Hi! Could you please explain mathematically how backprop is done in Resnet? To be honest, from the content of the course I didn’t understand how backprop skips the layers and how gradients are calculated mathematically. I’ll appreciate your help!
It’s an interesting question, but it is not covered at all in the course material. Note that by this time in the course, we are doing everything using TensorFlow and Keras. One of the advantages of TF is that it handles the training and backpropagation automatically for us and we only have to specify what the forward propagation flow is and what optimization method to use and they take care of the rest for us “under the covers”. In the case of any network architecture with “skip” connections, the computational graph is more complicated: there are now nodes in the graph that have two outputs and others with two inputs. So each forward connection between two nodes is a function and it has a derivative, which is computed by doing finite differences as you are running forward propagation. Then during back prop it applies the computed gradients. So at the node which sprouts the skip connection and the “straight through” connection, you’ll have two outputs during forward prop and two inputs during back prop. Presumably they either add or average the gradients when they apply them to the originating node.
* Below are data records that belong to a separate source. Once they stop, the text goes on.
text \<open>The idempotent of a walk q acts as the identity on the indicator function of a run
  beginning with q, so it is not killed by the action.\<close>

lemma wmono_walk_ghost_notin_leavitt_ideal:
  assumes "\<one> \<noteq> \<zero>" "q \<noteq> []" "walk q"
  shows "wmono R (map Ed q @ map Gh (rev q)) \<one> \<notin> I"
proof
  assume "wmono R (map Ed q @ map Gh (rev q)) \<one> \<in> I"
  then have K: "wmono R (map Ed q @ map Gh (rev q)) \<one> \<in> act_kernel"
    using leavitt_ideal_subset_act_kernel by auto
  define y where "y = default_run (r (last q))"
  have y: "is_run y" "fst (y 0) = r (last q)"
    using is_run_default_run default_run_0 by (auto simp: y_def)
  have run: "is_run (prepend_walk q y)" using is_run_prepend_walk[OF assms(3) y(1)] y by auto
  define \<phi> where "\<phi> = (\<lambda>z. if z = prepend_walk q y then \<one> else \<zero>)"
  have \<phi>: "\<forall>x. \<phi> x \<in> carrier R" by (simp add: \<phi>_def)
  have "act (wmono R (map Ed q @ map Gh (rev q)) \<one>) \<phi> (prepend_walk q y)
      = \<one> \<otimes> word_op (map Ed q @ map Gh (rev q)) \<phi> (prepend_walk q y)"
    by (rule act_wmono) (use \<phi> in auto)
  also have "\<dots> = \<one>"
    using word_op_Ed_prepend_walk[OF run] word_op_Gh_walk[OF assms(3,2) y] by (simp add: \<phi>_def)
  finally show False using K \<phi> assms(1) by (auto simp: act_kernel_def)
qed
(* Let $p\geq 5$ be a prime and let $r$ be an integer with $1\leq r\leq p-1$ that is a quadratic nonresidue modulo $p$. Then for all $n\geq 0$, $d_{p-1}(pn+r)\equiv 0\pmod p$.
   Context: For each integer $k\geq 1$, the numbers $d_k(n)$ are defined by $\sum_{n\geq 0} d_k(n)q^n = \frac{f_2^k}{f_1^{3k+1}}$, where $f_r = \prod_{i\geq 1}(1-q^{ri})$. *)

theory Defs
  imports "HOL-Computational_Algebra.Formal_Power_Series" "HOL-Number_Theory.Number_Theory"
begin

(* f_r = prod_{i>=1} (1 - q^(r i)) as a formal power series over the rationals.
   Its n-th coefficient equals that of the finite product over 1 <= i <= n
   (the factors with i > n do not affect coefficients up to degree n, for r >= 1). *)
definition f_eta :: "nat \<Rightarrow> rat fps" where
  "f_eta r = Abs_fps (\<lambda>n. fps_nth (\<Prod>i\<in>{1..n}. (1 - fps_X ^ (r * i))) n)"

definition d :: "nat \<Rightarrow> nat \<Rightarrow> rat" where
  "d k n = fps_nth (f_eta 2 ^ k * inverse (f_eta 1 ^ (3 * k + 1))) n"

end

(*
  Let D be the generating function of d_(p-1), so that D f_1^(3p-2) = f_2^(p-1). Gauss's
  identity f_1^2 = f_2 theta, with theta = sum_k (-1)^k q^(k^2), gives D f_1^(3p) = f_2^p theta.
  Modulo p we have f_1^(3p) = f_p^3 and f_2^p = f_(2p), so D f_p^3 is congruent to f_(2p) theta,
  whose exponents are all of the form p t + k^2. For a nonresidue r none of them is congruent to
  r, so the coefficients of D f_p^3 at p n + r are divisible by p; since f_p^3 is a series in
  q^p with constant term 1, the same holds for D.

  Gauss's identity is used in truncated form. It comes from the finite triple product
  (q; q^2)_n^2 = sum_j (-1)^(j+n) [2n, j]_(q^2) q^((j-n)^2), proved by induction on n from the
  two q-Pascal rules.
*)

theory Submission
  imports Defs
begin

unbundle fps_syntax

section \<open>Truncated eta products\<close>

definition eta_partial :: "nat \<Rightarrow> nat \<Rightarrow> 'a::comm_ring_1 fps" where
  "eta_partial r M = (\<Prod>i\<in>{1..M}. (1 - fps_X ^ (r * i)))"

definition fps_agree :: "nat \<Rightarrow> 'a::comm_ring_1 fps \<Rightarrow> 'a fps \<Rightarrow> bool" where
  "fps_agree N A B \<longleftrightarrow> (\<forall>n\<le>N. A $ n = B $ n)"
I am just saying the above on general principles. I have not read the ResNet paper. If you want to know more, the two approaches would be to read the ResNet paper and see if they address this point and to look at the gradient tape documentation in TF and see if they say anything about this type of issue.
Hello @Liudmila_Kiseleva,
As Paul suggested, if you google how tensorflow gradient tape calculates gradient, you should be able to find that they do it using the “reverse mode differentiation”. I have read about it before, so I would like to share this article with you about it. The article has an example which also contains a skip connection, and I think you will be happy to see that if Resnet is your concern
Cheers,
Raymond